【食べ物のにおいが分からない】

人間の五感のうち、視覚と聴覚が「精神に近い感覚」と呼ばれるのに対し、嗅覚と味覚は「生命に近い感覚」と称される。特に嗅覚は、食物摂取や種族保存といった、人間が生命を維持するための基本に関与している感覚である。

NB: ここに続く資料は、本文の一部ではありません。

text \<open>Every operator \<pi>_i maps extended tableaux to extended tableaux, and a non-identity
  application swaps i and i+1 where i+1 sat in a strictly lower row. If such a swap ends in M,
  then in M the entry i+1 lies in a strictly higher row than i, so (1) and (3) fail at i and
  (2) must hold; but then before the swap i+1 sat directly below i in the same column,
  violating column strictness. Hence all steps into M are trivial and M is minimal.
  Conversely, if all three conditions fail at i, then i+1 lies in a strictly higher row
  than i and not in the same column (a cell between them in that column would need an
  entry strictly between i and i+1). Swapping i and i+1 then gives an extended tableau
  T \<noteq> M with \<pi>_i T = M.\<close>

lemma pos_in_skew_cells:
  assumes bij: "bij_betw T (skew_cells \<alpha> \<beta>) {1..skew_size \<alpha> \<beta>}"
    and k: "1 \<le> k" "k \<le> skew_size \<alpha> \<beta>"
  shows "pos \<alpha> \<beta> T k \<in> skew_cells \<alpha> \<beta>" and "T (pos \<alpha> \<beta> T k) = k"
proof -
  have "k \<in> T ` skew_cells \<alpha> \<beta>"
    using bij k by (simp add: bij_betw_def)
  then obtain c where c: "c \<in> skew_cells \<alpha> \<beta>" "T c = k"
    by auto
  then have "\<exists>!c. c \<in> skew_cells \<alpha> \<beta> \<and> T c = k"
    using bij by (metis bij_betw_def inj_onD)
  then have "pos \<alpha> \<beta> T k \<in> skew_cells \<alpha> \<beta> \<and> T (pos \<alpha> \<beta> T k) = k"
    unfolding pos_def by (rule theI')
  then show "pos \<alpha> \<beta> T k \<in> skew_cells \<alpha> \<beta>" and "T (pos \<alpha> \<beta> T k) = k"
    by auto
qed

lemma pos_eqI:
  assumes "bij_betw T (skew_cells \<alpha> \<beta>) {1..skew_size \<alpha> \<beta>}"
    and "c \<in> skew_cells \<alpha> \<beta>" "T c = k"
  shows "pos \<alpha> \<beta> T k = c"
  unfolding pos_def
  by (rule the_equality) (use assms in \<open>auto simp: bij_betw_def inj_on_def\<close>)

lemma SIT_bij: "T \<in> SIT \<alpha> \<beta> \<Longrightarrow> bij_betw T (skew_cells \<alpha> \<beta>) {1..skew_size \<alpha> \<beta>}"
  by (simp add: SIT_def)

lemma SET_bij: "T \<in> SET \<alpha> \<beta> \<Longrightarrow> bij_betw T (skew_cells \<alpha> \<beta>) {1..skew_size \<alpha> \<beta>}"
  by (simp add: SET_def SIT_def)

lemma swap_entries_swap_entries [simp]: "swap_entries i (swap_entries i T) = T"
  by (auto simp: swap_entries_def fun_eq_iff)

lemma swap_entries_less:
  assumes "T x < T y" "\<not> (T x = i \<and> T y = i + 1)"
  shows "swap_entries i T x < swap_entries i T y"
  using assms by (auto simp: swap_entries_def)

lemma bij_betw_swap_entries:
  assumes bij: "bij_betw T A {1..n}" and i: "1 \<le> i" "i + 1 \<le> n"
  shows "bij_betw (swap_entries i T) A {1..n}"
proof -
  define s where "s = (\<lambda>v::nat. if v = i then i + 1 else if v = i + 1 then i else v)"
  have "bij_betw s {1..n} {1..n}"
    by (rule bij_betw_byWitness[where f' = s]) (use i in \<open>auto simp: s_def\<close>)
  moreover have "swap_entries i T = s \<circ> T"
    by (auto simp: swap_entries_def s_def fun_eq_iff)
  ultimately show ?thesis
    using bij_betw_trans[OF bij] by simp
qed

lemma pos_swap_entries:
  assumes bij: "bij_betw T (skew_cells \<alpha> \<beta>) {1..skew_size \<alpha> \<beta>}"
    and i: "1 \<le> i" "i + 1 \<le> skew_size \<alpha> \<beta>"
  shows "pos \<alpha> \<beta> (swap_entries i T) i = pos \<alpha> \<beta> T (i + 1)"
    and "pos \<alpha> \<beta> (swap_entries i T) (i + 1) = pos \<alpha> \<beta> T i"
proof -
  have bij': "bij_betw (swap_entries i T) (skew_cells \<alpha> \<beta>) {1..skew_size \<alpha> \<beta>}"
    using bij_betw_swap_entries[OF bij i] .
  have "pos \<alpha> \<beta> T i \<in> skew_cells \<alpha> \<beta>" "T (pos \<alpha> \<beta> T i) = i"
    and "pos \<alpha> \<beta> T (i + 1) \<in> skew_cells \<alpha> \<beta>" "T (pos \<alpha> \<beta> T (i + 1)) = i + 1"
    using pos_in_skew_cells[OF bij, of i] pos_in_skew_cells[OF bij, of "i + 1"] i by auto
  moreover have "swap_entries i T (pos \<alpha> \<beta> T (i + 1)) = i"
    and "swap_entries i T (pos \<alpha> \<beta> T i) = i + 1"
    using calculation by (simp_all add: swap_entries_def)
  ultimately show "pos \<alpha> \<beta> (swap_entries i T) i = pos \<alpha> \<beta> T (i + 1)"
    and "pos \<alpha> \<beta> (swap_entries i T) (i + 1) = pos \<alpha> \<beta> T i"
    using pos_eqI[OF bij'] by blast+
qed

lemma swap_entries_SET:
  assumes T: "T \<in> SET \<alpha> \<beta>" and i: "1 \<le> i" "i + 1 \<le> skew_size \<alpha> \<beta>"
    and a: "pos \<alpha> \<beta> T i = (r, c)" and b: "pos \<alpha> \<beta> T (i + 1) = (r', c')"
    and rows: "r \<noteq> r'" and cols: "c = c' \<Longrightarrow> r' < r"
  shows "swap_entries i T \<in> SET \<alpha> \<beta>"
proof -
  let ?S = "skew_cells \<alpha> \<beta>" and ?T' = "swap_entries i T"
  have bij: "bij_betw T ?S {1..skew_size \<alpha> \<beta>}"
    using SET_bij[OF T] .
  have entry_i: "\<And>x. x \<in> ?S \<Longrightarrow> T x = i \<Longrightarrow> x = (r, c)"
    and entry_Suc_i: "\<And>x. x \<in> ?S \<Longrightarrow> T x = i + 1 \<Longrightarrow> x = (r', c')"
    using pos_eqI[OF bij] a b by metis+
  have "?T' (q, j) < ?T' (q, j')"
    if "(q, j) \<in> ?S" "(q, j') \<in> ?S" "j < j'" for q j j'
    using that T rows entry_i entry_Suc_i
    by (intro swap_entries_less) (auto simp: SET_def SIT_def)
  moreover have "?T' (q, j) < ?T' (q', j)"
    if "(q, j) \<in> ?S" "(q', j) \<in> ?S" "q < q'" for q q' j
    using that T cols entry_i entry_Suc_i
    by (intro swap_entries_less) (auto simp: SET_def)
  moreover have "?T' x = 0" if "x \<notin> ?S" for x
  proof -
    have "T x = 0"
      using that T unfolding SET_def SIT_def by blast
    then show ?thesis using i by (simp add: swap_entries_def)
  qed
  ultimately show ?thesis
    using bij_betw_swap_entries[OF bij i] by (auto simp: SET_def SIT_def)
qed

lemma pi_op_SomeE:
  assumes "pi_op \<alpha> \<beta> i T = Some T'"
  obtains "T' = T"
  | "fst (pos \<alpha> \<beta> T (i + 1)) < fst (pos \<alpha> \<beta> T i)" and "T' = swap_entries i T"
  using assms by (auto simp: pi_op_def split: if_splits)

においを感じ取るのは、鼻の中の目と目の問にある、嗅裂(きゅうれつ)と呼ばれる部分の嗅粘膜だ。嗅上皮というこの粘膜に、においを感じ取る嗅細胞があって、嗅神経を通じて脳とつながっている。
においのもとである嗅素という物質が、鼻の穴から入ってきたり、口腔内で発生して後鼻孔を通って鼻腔に入り、嗅細胞に到達すると、その刺激が脳に伝わってにおいとして感じられる。こうした嗅覚の仕組みのどこかに異常が発生すると、嗅覚障害となる。
 嗅覚障害の原因は様々であるが、鼻そのものの病気によることが圧倒的に多い。例えばアレルギー性鼻炎、急性・慢性の副鼻腔炎、風邪に起因する急性鼻炎など。アレルギー性鼻炎と副鼻腔炎では、鼻粘膜がひどく腫れて、嘆素が嗅粘膜まで届かないために嗅覚障害が生じる。急性鼻炎では、鼻づまりのほかにウイルスが直接、嗅神経を侵している可能性もある。これらの炎症を放置したまま長引かせると、嗅神経がダメージを受けて、治りにくくなってしまう。

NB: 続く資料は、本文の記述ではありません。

(* Let $A$ be a strongly AUF algebra, let $G$ be a projective generator of $\mathrm{Coh}_{\mathrm L}(A)$, and let $B=\mathrm{End}_{A,-}(G)^{\mathrm{op}}$, so that $G$ is an $A$-$B$ bimodule. Then the map $A\to\mathrm{End}^0_{-,B}(G)$ sending each $a\in A$ to the operator of left multiplication by $a$ on $G$ is a linear isomorphism.
   Context: All algebras are associative $\mathbb C$-algebras, not necessarily unital. An idempotent is $e$ with $e^2=e$. An algebra $A$ is AUF if there is a family $(e_i)_{i\in\mathfrak I}$ of mutually orthogonal idempotents with $\dim e_iAe_j<\infty$ and $A=\sum_{i,j}e_iAe_j$. A left $A$-module $M$ is quasicoherent if $\xi\in A\xi$ for all $\xi\in M$, coherent if moreover finitely generated; $\mathrm{Coh}_{\mathrm L}(A)$ is the category of coherent left $A$-modules. Irreducible means nonzero with no nonzero proper submodules. An idempotent $e$ is generating if every irreducible quasicoherent left $A$-module is a quotient of $Ae$; $A$ is strongly AUF if it is AUF and has a generating idempotent. A projective generator of $\mathrm{Coh}_{\mathrm L}(A)$ is an object projective as a left $A$-module such that every object of $\mathrm{Coh}_{\mathrm L}(A)$ is a quotient of a finite direct sum of copies of it. $B=\mathrm{End}_{A,-}(G)^{\mathrm{op}}$ acts on the right of $G$ by $\xi\cdot T=T(\xi)$. For a quasicoherent left $A$-module $M$: $M^\vee$ is the space of linear functionals $\varphi$ on $M$ for which there is an idempotent $e\in A$ with $\varphi(e\eta)=\varphi(\eta)$ for all $\eta\in M$; $\mathrm{End}^0(M)\subset\mathrm{End}(M)$ is the span of the operators $\eta\mapsto\varphi(\eta)\xi$ with $\xi\in M$, $\varphi\in M^\vee$; if $M$ carries a right action of an algebra $B$ commuting with $A$, $\mathrm{End}^0_{-,B}(M)=\{T\in\mathrm{End}^0(M):T(\xi b)=T(\xi)b\ \forall\xi,b\}$. *)

theory Defs
  imports Complex_Main
begin

text \<open>
  The algebra A is the whole of a type 'a of class ring (associative, not
  necessarily unital), together with a complex scalar multiplication asc
  making it a complex algebra.  Modules are given by explicit carriers
  inside some ambient type 'm, with their own complex vector space
  structure and a left A-action.
\<close>

definition is_calg :: "(complex \<Rightarrow> 'a::ring \<Rightarrow> 'a) \<Rightarrow> bool" where
  "is_calg asc \<longleftrightarrow> vector_space asc \<and>
     (\<forall>c a b. asc c (a * b) = asc c a * b \<and> asc c (a * b) = a * asc c b)"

このほかにも交通事故などの頭部外傷の後遺症、鬱病で生命力が低下している時、放射線療法の後や抗ガン剤などによる薬剤性の障害、加齢による嗅覚の減退などによっても嗅覚障害は起こる。
一般的な検査としては、嗅素を含んだ薬剤を鼻の入り口に提示し、においを判定する方法、アリナミン注射液を静脈注射してにんにく嗅を感じるかどうかで判定する方法の2つがある。
嗅覚障害の治療法には、薬物療法と手術療法があるが、局所疾患(鼻の病気)による障害が多いことから、薬物療法が主となる。嗅上皮を内視鏡で観察して閉塞の程度を確認し、その部分への薬剤塗布を行う。薬剤には鼻粘膜収縮剤やステロイド剤を使う。

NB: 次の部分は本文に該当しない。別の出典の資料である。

lemma squared_distance_contraction:
  assumes below: "\<And>i. f i z \<le> f i (x (Suc k))"
  obtains i where "(norm (x (Suc k) - z))\<^sup>2 \<le> (1 - t k * m i / alpha k i) * (norm (x k - z))\<^sup>2"
proof -
  define M where "M = Max (range (\<lambda>i. (g i (x k) /\<^sub>R alpha k i) \<bullet> d k))"
  define D where "D = d k \<bullet> (z - x k)"
  define N where "N = (norm (x k - z))\<^sup>2"
  define dd where "dd = (norm (d k))\<^sup>2"
  obtain i where opt: "M + dd \<le> (g i (x k) \<bullet> (z - x k)) / alpha k i + D"
    using max_linear_prox_optimality[OF direction, of k "z - x k"]
    unfolding M_def D_def dd_def inner_scaled_gradient by blast
  have M_dd: "0 \<le> M + dd"
    using max_linear_prox_value_bounds(1)[OF direction, of k] unfolding M_def dd_def by linarith
  have "(g i (x k) \<bullet> d k) / alpha k i \<le> M"
    unfolding M_def inner_scaled_gradient[symmetric] by (rule Max_ge) auto
  hence model: "g i (x k) \<bullet> d k \<le> alpha k i * M"
    using alpha_pos[of k i] by (simp add: pos_divide_le_eq mult.commute)
  have "g i (x k) \<bullet> (z - x k) + (1/2) * N * m i \<le> f i z - f i (x k)"
    using strongly_convex[where i = i and x = "x k" and y = z]
    unfolding N_def by (simp add: norm_minus_commute)
  also have "\<dots> \<le> t k * (g i (x k) \<bullet> d k + (1/2) * dd * alpha k i)"
    using below[of i] stepsize_bounds(4)[of i k] unfolding dd_def by linarith
  also have "\<dots> \<le> t k * (alpha k i * M + (1/2) * dd * alpha k i)"
    using model stepsize_bounds(1)[of k] by (intro mult_left_mono) auto
  finally have "(g i (x k) \<bullet> (z - x k)) / alpha k i + (1/2) * N * (m i / alpha k i)
      \<le> t k * (M + (1/2) * dd)"
    using alpha_pos[of k i] by (simp add: field_simps)
  with opt have bound: "M + dd - D + (1/2) * N * (m i / alpha k i) \<le> t k * (M + (1/2) * dd)"
    by linarith
  have expand: "(norm (x (Suc k) - z))\<^sup>2 = N - 2 * t k * D + (t k)\<^sup>2 * dd"
    unfolding iterate N_def D_def dd_def power2_norm_eq_inner
    by (simp add: algebra_simps power2_eq_square inner_commute)
  have "2 * t k * (M + dd - D + (1/2) * N * (m i / alpha k i)) \<le> 2 * t k * (t k * (M + (1/2) * dd))"
    using bound stepsize_bounds(1)[of k] by (intro mult_left_mono) auto
  moreover have "0 \<le> t k * (1 - t k) * (M + dd)"
    using stepsize_bounds(1,2)[of k] M_dd by simp
  ultimately have "N - 2 * t k * D + (t k)\<^sup>2 * dd \<le> (1 - t k * m i / alpha k i) * N"
    by (simp add: algebra_simps power2_eq_square)
  with expand show ?thesis
    unfolding N_def by (intro that) simp
qed

lemma distance_contraction:
  assumes "\<And>i. f i z \<le> f i (x (Suc k))"
  shows "norm (x (Suc k) - z) \<le> sqrt (1 - Min (range (\<lambda>i. t k * m i / alpha k i))) * norm (x k - z)"
proof -
  obtain i where "(norm (x (Suc k) - z))\<^sup>2 \<le> (1 - t k * m i / alpha k i) * (norm (x k - z))\<^sup>2"
    using squared_distance_contraction assms by blast
  also have "\<dots> \<le> (1 - Min (range (\<lambda>i. t k * m i / alpha k i))) * (norm (x k - z))\<^sup>2"
    by (intro mult_right_mono diff_left_mono Min_le) auto
  finally have "sqrt ((norm (x (Suc k) - z))\<^sup>2)
      \<le> sqrt ((1 - Min (range (\<lambda>i. t k * m i / alpha k i))) * (norm (x k - z))\<^sup>2)"
    by (rule real_sqrt_le_mono)
  thus ?thesis
    by (simp add: real_sqrt_mult)
qed

lemma curvature_ratio_bounds:
  shows "0 < Min (range (\<lambda>i. m i / L i))" and "Min (range (\<lambda>i. m i / L i)) \<le> 1"
proof -
  have "Min (range (\<lambda>i. m i / L i)) \<in> range (\<lambda>i. m i / L i)"
    by (rule Min_in) auto
  then obtain i0 where "Min (range (\<lambda>i. m i / L i)) = m i0 / L i0"
    by blast
  thus "0 < Min (range (\<lambda>i. m i / L i))" "Min (range (\<lambda>i. m i / L i)) \<le> 1"
    using m_pos[of i0] m_le_L[of i0] L_pos[of i0] by auto
qed

lemma stepsize_uniform_lower_bound: "gamma * Min (range (\<lambda>i. m i / L i)) \<le> t k"
proof -
  have "gamma * Min (range (\<lambda>i. m i / L i)) \<le> Min (range (\<lambda>i. gamma * alpha k i / L i))"
  proof (rule Min.boundedI)
    fix b assume "b \<in> range (\<lambda>i. gamma * alpha k i / L i)"
    then obtain j where b: "b = gamma * (alpha k j / L j)"
      by auto
    have "Min (range (\<lambda>i. m i / L i)) \<le> m j / L j"
      by (rule Min_le) auto
    also have "\<dots> \<le> alpha k j / L j"
      using alpha_lower[of j k] L_pos[of j] by (intro divide_right_mono) auto
    finally show "gamma * Min (range (\<lambda>i. m i / L i)) \<le> b"
      unfolding b using gamma by (intro mult_left_mono) auto
  qed auto
  with stepsize_bounds(3)[of k] show ?thesis
    by linarith
qed

lemma contraction_factor_uniform:
  obtains c where "0 \<le> c" "c < 1" "\<And>k. sqrt (1 - Min (range (\<lambda>i. t k * m i / alpha k i))) \<le> c"
proof -
  define \<kappa> where "\<kappa> = Min (range (\<lambda>i. m i / L i))"
  have "gamma * \<kappa> * \<kappa> \<le> Min (range (\<lambda>i. t k * m i / alpha k i))" for k
  proof (rule Min.boundedI)
    fix a assume "a \<in> range (\<lambda>i. t k * m i / alpha k i)"
    then obtain i where a: "a = t k * (m i / alpha k i)"
      by auto
    have "\<kappa> \<le> m i / L i"
      unfolding \<kappa>_def by (rule Min_le) auto
    also have "\<dots> \<le> m i / alpha k i"
      using alpha_upper[of k i] alpha_pos[of k i] m_pos[of i] by (intro divide_left_mono) auto
    finally show "gamma * \<kappa> * \<kappa> \<le> a"
      unfolding a using stepsize_uniform_lower_bound[of k, folded \<kappa>_def] stepsize_bounds(1)[of k]
        gamma curvature_ratio_bounds[folded \<kappa>_def]
      by (intro mult_mono) auto
  qed auto
  hence "sqrt (1 - Min (range (\<lambda>i. t k * m i / alpha k i))) \<le> sqrt (1 - gamma * \<kappa> * \<kappa>)" for k
    by (intro real_sqrt_le_mono diff_left_mono)
  moreover have "0 < gamma * \<kappa> * \<kappa>" "gamma * \<kappa> * \<kappa> \<le> 1"
    using gamma curvature_ratio_bounds[folded \<kappa>_def] by (auto simp: mult_le_one)
  ultimately show ?thesis
    by (intro that[of "sqrt (1 - gamma * \<kappa> * \<kappa>)"]) auto
qed

lemma LIMSEQ_of_lower_bound:
  assumes "\<And>k i. f i w \<le> f i (x k)"
  shows "x \<longlonglongrightarrow> w"
proof -
  obtain c where c: "0 \<le> c" "c < 1"
    and factor: "\<And>k. sqrt (1 - Min (range (\<lambda>i. t k * m i / alpha k i))) \<le> c"
    using contraction_factor_uniform by blast
  show ?thesis
  proof (rule LIMSEQ_of_contraction[OF c])
    fix k
    show "norm (x (Suc k) - w) \<le> c * norm (x k - w)"
      using distance_contraction[of w k] assms factor[of k]
      by (meson mult_right_mono norm_ge_zero order_trans)
  qed
qed

lemma lower_bound_unique:
  assumes "\<And>k i. f i w \<le> f i (x k)" and "\<And>i. f i y \<le> f i w"
  shows "y = w"
proof -
  have "x \<longlonglongrightarrow> y"
    using assms by (intro LIMSEQ_of_lower_bound) (meson order_trans)
  moreover have "x \<longlonglongrightarrow> w"
    using assms(1) by (rule LIMSEQ_of_lower_bound)
  ultimately show ?thesis
    by (rule LIMSEQ_unique)
qed

lemma lower_bound_exists: "\<exists>w. \<forall>k i. f i w \<le> f i (x k)"
proof -
  fix i0 :: 'i
  have "x k \<in> cball (x 0) (2 * norm (g i0 (x 0)) / m i0)" for k
    using sublevel_bounded[OF f_antimono[of 0 k i0]] by (simp add: dist_norm norm_minus_commute)
  then obtain w r where r: "strict_mono r" and lim: "(x \<circ> r) \<longlonglongrightarrow> w"
    using compact_imp_seq_compact[OF compact_cball] unfolding seq_compact_def by metis
  have "f i w \<le> f i (x k)" for k i
  proof (rule LIMSEQ_le_const2)
    show "(\<lambda>n. f i (x (r n))) \<longlonglongrightarrow> f i w"
      using isCont_tendsto_compose[OF continuous lim] by (simp add: comp_def)
    show "\<exists>N. \<forall>n\<ge>N. f i (x (r n)) \<le> f i (x k)"
      using seq_suble[OF r] by (intro exI[of _ k] allI impI f_antimono) (meson order_trans)
  qed
  thus ?thesis
    by blast
qed

end

lemma cone_le_polyhedral_cone_iff:
  "cone_le (polyhedral_cone A) u v \<longleftrightarrow> (\<forall>i. (A *v u) $ i \<le> (A *v v) $ i)"
  by (simp add: cone_le_def polyhedral_cone_def vec_le_def matrix_vector_mult_diff_distrib)

lemma matrix_vector_mult_row_of_product:
  "(A *v (J *v h)) $ i = (A $ i v* J) \<bullet> h"
  by (simp add: matrix_vector_mul_component dot_lmul_matrix)

lemma matrix_matrix_mult_diff_row:
  fixes A :: "'a::comm_ring_1^'m^'l" and J J' :: "'a^'n^'m"
  shows "(A ** (J - J')) $ i = A $ i v* J - A $ i v* J'"
proof -
  have "(A ** B) $ i = A $ i v* B" for B :: "'a^'n^'m"
    by (simp add: vec_eq_iff matrix_matrix_mult_def vector_matrix_mult_def mult.commute)
  thus ?thesis
    by (simp add: vector_matrix_mult_diff_rdistrib)
qed

lemma strongly_K_convex_rowwise:
  assumes "strongly_K_convex (polyhedral_cone A) F JF mu"
  shows "(A $ i v* JF x) \<bullet> (y - x) + (1/2) * (norm (y - x))\<^sup>2 * (A *v mu) $ i
           \<le> (A *v F y) $ i - (A *v F x) $ i"
  using assms unfolding strongly_K_convex_def cone_le_polyhedral_cone_iff
  by (simp add: matrix_vector_mult_row_of_product algebra_simps)

lemma K_smooth_rowwise:
  assumes "K_smooth (polyhedral_cone A) F JF ell"
  shows "(A *v F y) $ i - (A *v F x) $ i
           \<le> (A $ i v* JF x) \<bullet> (y - x) + (1/2) * (norm (y - x))\<^sup>2 * (A *v ell) $ i"
  using assms unfolding K_smooth_def cone_le_polyhedral_cone_iff
  by (simp add: matrix_vector_mult_row_of_product algebra_simps)

lemma bb_alpha_between:
  assumes "xp \<noteq> xc" and "0 < a" and "amin \<le> a" and "b \<le> amax"
    and lower: "a * (norm (xc - xp))\<^sup>2 \<le> (xc - xp) \<bullet> ((A ** (JF xc - JF xp)) $ i)"
    and upper: "(xc - xp) \<bullet> ((A ** (JF xc - JF xp)) $ i) \<le> b * (norm (xc - xp))\<^sup>2"
  shows "a \<le> bb_alpha amin amax A JF xp xc $ i \<and> bb_alpha amin amax A JF xp xc $ i \<le> b"
proof -
  define q where "q = (xc - xp) \<bullet> ((A ** (JF xc - JF xp)) $ i)"
  have s: "0 < (norm (xc - xp))\<^sup>2"
    using assms(1) by simp
  hence "a \<le> q / (norm (xc - xp))\<^sup>2" "q / (norm (xc - xp))\<^sup>2 \<le> b"
    using lower upper by (simp_all add: q_def pos_le_divide_eq pos_divide_le_eq)
  moreover have "0 < a * (norm (xc - xp))\<^sup>2"
    using assms(2) s by simp
  with lower have "bb_alpha amin amax A JF xp xc $ i = max amin (min (q / (norm (xc - xp))\<^sup>2) amax)"
    unfolding bb_alpha_def Let_def q_def by simp
  ultimately show ?thesis
    using assms(3,4) unfolding max_def min_def by auto
qed

lemma scalarized_family:
  assumes "strongly_K_convex (polyhedral_cone A) F JF mu" and "K_smooth (polyhedral_cone A) F JF ell"
    and "\<And>i. 0 < (A *v mu) $ i" and "\<And>z. isCont F z"
  shows "strongly_convex_smooth_family (\<lambda>i y. (A *v F y) $ i) (\<lambda>i y. A $ i v* JF y)
           (\<lambda>i. (A *v mu) $ i) (\<lambda>i. (A *v ell) $ i)"
proof
  show "isCont (\<lambda>y. (A *v F y) $ i) z" for i z
    unfolding matrix_vector_mul_component using assms(4) by (intro continuous_intros)
qed (use assms strongly_K_convex_rowwise K_smooth_rowwise in auto)

lemma bb_alpha_between_curvatures:
  assumes "strongly_convex_smooth_family f (\<lambda>i y. A $ i v* JF y) m L"
    and "xp \<noteq> xc" and "amin \<le> m i" and "L i \<le> amax"
  shows "m i \<le> bb_alpha amin amax A JF xp xc $ i \<and> bb_alpha amin amax A JF xp xc $ i \<le> L i"
proof -
  interpret strongly_convex_smooth_family f "\<lambda>i y. A $ i v* JF y" m L
    by fact
  show ?thesis
    using secant_bounds[where i = i and x = xp and y = xc]
    by (intro bb_alpha_between[OF assms(2) m_pos assms(3,4)]) (simp_all add: matrix_matrix_mult_diff_row)
qed

lemma dir_obj_eq_Max:
  "dir_obj A J alpha e = Max (range (\<lambda>i. ((A $ i v* J) /\<^sub>R alpha $ i) \<bullet> e)) + (1/2) * (norm e)\<^sup>2"
proof -
  have "(A *v (J *v e)) $ i / alpha $ i = ((A $ i v* J) /\<^sub>R alpha $ i) \<bullet> e" for i
    by (simp add: matrix_vector_mult_row_of_product divide_inverse mult.commute)
  thus ?thesis
    unfolding dir_obj_def Sup_inner_prob_simplex by simp
qed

局所疾患が原因の場合は、この治療によってほとんどが改善する。早期に治療を始めることが重要で、こじらせてしまってからでは効き目もおぼつかなくなる。
嗅覚障害というと、従来はあまり重要視されず、病気としては軽視されがちであった。しかし、実生活の中では大変に不便なものである。嗅覚が侵されると、味覚までダメになったように感じるものだ。Kさんのようにコーヒーを飲んでも香りが味わえないばかりか、食べ物の腐敗が分からなかったり、ガス漏れにも気づかないといった危険な状態もあり得る。
風邪が治って3〜4日経ってもにおいの感覚がおかしかったら、耳鼻咽喉科での受診をお勧めする。(談話まとめ:杉元順子=医療ジャーナリスト)

[出典:日経ビジネス、2007/02/12号、三好彰=三好耳鼻咽喉科クリニック院長]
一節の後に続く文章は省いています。